We would like to thank the faculty at the University of Maryland who participated in this study. One of us (EFR) would like to thank Cliff Swartz for a number of thought-provoking discussions probing the Thornton and Sokoloff results. We would also like to thank Ron Thornton, David Sokoloff, and Michael Wittmann for useful discussions and comments on the paper. Work supported in part by NSF Grants RED-9355849 and DUE-9455561. Computer facilities provided by NSF Grant DUE-9550890 and by the University of Maryland Computer Science Center.

## Endnotes:

[20] In absolute final scores, one tutorial class with a low pre-test score finished below some of the non-tutorial classes, and one non-tutorial class with a high pre-test score finished above some of the tutorial classes.

[21] Howell, David C., Statistical Methods for Psychology, 3rd Ed. (Duxbury Press, Belmont, California 1992) pp. 181-185.

[22] A graph reversed with respect to the horizontal axis would also be considered correct.

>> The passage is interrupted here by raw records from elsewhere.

lemma takagi_mult_pow_half:
  assumes "0 \<le> z" "z \<le> 1"
  shows "takagi (z * (1/2) ^ p) = real p * z * (1/2) ^ p + takagi z * (1/2) ^ p"
proof (induction p)
  case (Suc p)
  have "0 \<le> z * (1/2) ^ p" "z * (1/2) ^ p \<le> 1"
    using assms by (auto intro: mult_le_one simp: power_le_one)
  then have "takagi (z * (1/2) ^ p / 2) = z * (1/2) ^ p / 2 + takagi (z * (1/2) ^ p) / 2"
    by (rule takagi_half)
  then show ?case using Suc by (simp add: field_simps)
qed simp

lemma takagi_pow_half: "takagi ((1/2) ^ j) = real j * (1/2) ^ j"
  using takagi_mult_pow_half[of 1 j] by simp

lemma takagi_bounds_le_pow_half:
  assumes "0 \<le> s" "s \<le> (1/2) ^ j"
  shows "real j * s \<le> takagi s \<and> takagi s \<le> real j * s + (1/2) ^ j"
proof -
  define z where "z = s * 2 ^ j"
  have s_eq: "s = z * (1/2) ^ j" by (simp add: z_def power_divide)
  have z: "0 \<le> z" "z \<le> 1" using assms by (auto simp: z_def power_divide field_simps)
  have "takagi s = real j * s + takagi z * (1/2) ^ j"
    using takagi_mult_pow_half[OF z, of j] s_eq by simp
  moreover have "0 \<le> takagi z" "takagi z \<le> 1" using takagi_bounds[OF z] by auto
  ultimately show ?thesis by (simp add: mult_left_le_one_le)
qed

lemma takagi_le_log:
  assumes "0 < s" "s \<le> 1"
  shows "takagi s \<le> s * (log 2 (1/s) + 2)"
proof -
  define j where "j = nat \<lfloor>log 2 (1/s)\<rfloor>"
  have "0 \<le> log 2 (1/s)" using assms by simp
  then have j: "real j \<le> log 2 (1/s)" "log 2 (1/s) < real j + 1"
    by (simp_all add: j_def)
  have "2 powr real j \<le> 1/s" using j(1) assms by (subst (asm) le_log_iff) auto
  then have s_le: "s \<le> (1/2) ^ j" using assms by (simp add: powr_realpow power_divide field_simps)
  have "1/s < 2 powr (real j + 1)" using j(2) assms by (subst (asm) log_less_iff) auto
  then have "(1/2) ^ j < 2 * s"
    using assms by (simp add: powr_add powr_realpow power_divide field_simps)
  then have "takagi s \<le> real j * s + 2 * s"
    using takagi_bounds_le_pow_half[OF _ s_le] assms by simp
  also have "\<dots> \<le> s * (log 2 (1/s) + 2)" using j(1) assms by (simp add: algebra_simps)
  finally show ?thesis .
qed

lemma takagi_near_pow_half:
  assumes "1 \<le> G" "(1/2) ^ G \<le> \<sigma>" "\<sigma> \<le> 2 * (1/2::real) ^ G"
  shows "(real G - 1) * \<sigma> \<le> takagi \<sigma> \<and> takagi \<sigma> \<le> (real G + 1) * \<sigma>"
proof -
  have pow: "(1/2::real) ^ (G - 1) = 2 * (1/2) ^ G" using assms(1) by (cases G) auto
  have "(0::real) \<le> (1/2) ^ G" by simp
  then have "0 \<le> \<sigma>" using assms(2) by linarith
  then show ?thesis
    using takagi_bounds_le_pow_half[of \<sigma> "G - 1"] assms pow by (simp add: of_nat_diff algebra_simps)
qed

lemma log2_le_minus_one: "1 \<le> G \<Longrightarrow> log 2 (real G) \<le> real G - 1"
proof -
  assume G: "1 \<le> G"
  obtain m where m: "G = Suc m" using G by (cases G) auto
  have "Suc m \<le> 2 ^ m" by (induction m) auto
  then have "real G \<le> 2 ^ (G - 1)" using m by (metis diff_Suc_1 of_nat_le_iff of_nat_numeral of_nat_power)
  then have "log 2 (real G) \<le> log 2 (2 ^ (G - 1))" using G by (intro log_mono) auto
  then show ?thesis using G by (simp add: log_nat_power)
qed

lemma log2_inverse_less: "(1/2) ^ k < s \<Longrightarrow> log 2 (1/s) < real k"
proof -
  assume k: "(1/2) ^ k < s"
  have p: "0 < (1/2::real) ^ k" by simp
  then have s: "0 < s" using k by linarith
  then have "1/s < 1 / (1/2) ^ k" using divide_strict_left_mono[OF k, of 1] p by simp
  then have "log 2 (1/s) < log 2 (2 ^ k)" using s by (intro log_less) (auto simp: power_divide)
  then show ?thesis by (simp add: log_nat_power)
qed

lemma mult_ln_inverse_le:
  fixes s w :: real
  assumes "0 < s" "0 < w"
  shows "s * ln (1/s) \<le> w - s - s * ln w"
proof -
  have "ln (w / s) \<le> w / s - 1" by (rule ln_le_minus_one) (use assms in simp)
  then have "s * ln (w / s) \<le> s * (w / s - 1)" using assms by (intro mult_left_mono) auto
  moreover have "ln (w / s) = ln w + ln (1/s)" using assms by (simp add: ln_div)
  ultimately show ?thesis using assms by (simp add: algebra_simps)
qed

[23] A few students in the non-tutorial class used the same symbol for these two forces, but did not state whether the forces were equal, so it was impossible to determine if they were identifying these two forces as having equal magnitudes. Note that many students used the same symbol to represent forces which clearly had different magnitudes.

[24] Frederick Reif, "Millikan Lecture 1994: Understanding and teaching important scientific thought processes" Am. J. Phys. 63 (1995) 17-32.

[24a] Evidence from the University of Washington group suggests that replacing a problem solving lecture with tutorials does not adversely affect students' ability to solve quantitative problems. Personal communication, Lillian C. McDermott.

[24b]Note that when a student is learning what a graph means, constructing it by hand the first few times may very well be "necessary" drudgery. However, when one is focusing on a connection between a physical phenomenon and a graph, a long time delay between seeing the phenomenon and seeing the graph may well produce a "cognitive disconnect" which prevents them from building the understandings they need.

[25] See references in ref. 15.

[26] Daniel L. Schacter, "Memory", in Foundations of Cognitive Science, M. I. Posner, ed. (MIT Press, Cambridge MA, 1989) 683-725.

[27] Ronald K. Thornton, private communication, January 1994.

[28] From our personal teaching experience, we expect that number 6, active engagement, is the most significant.

©1997, American Association of Physics Teachers.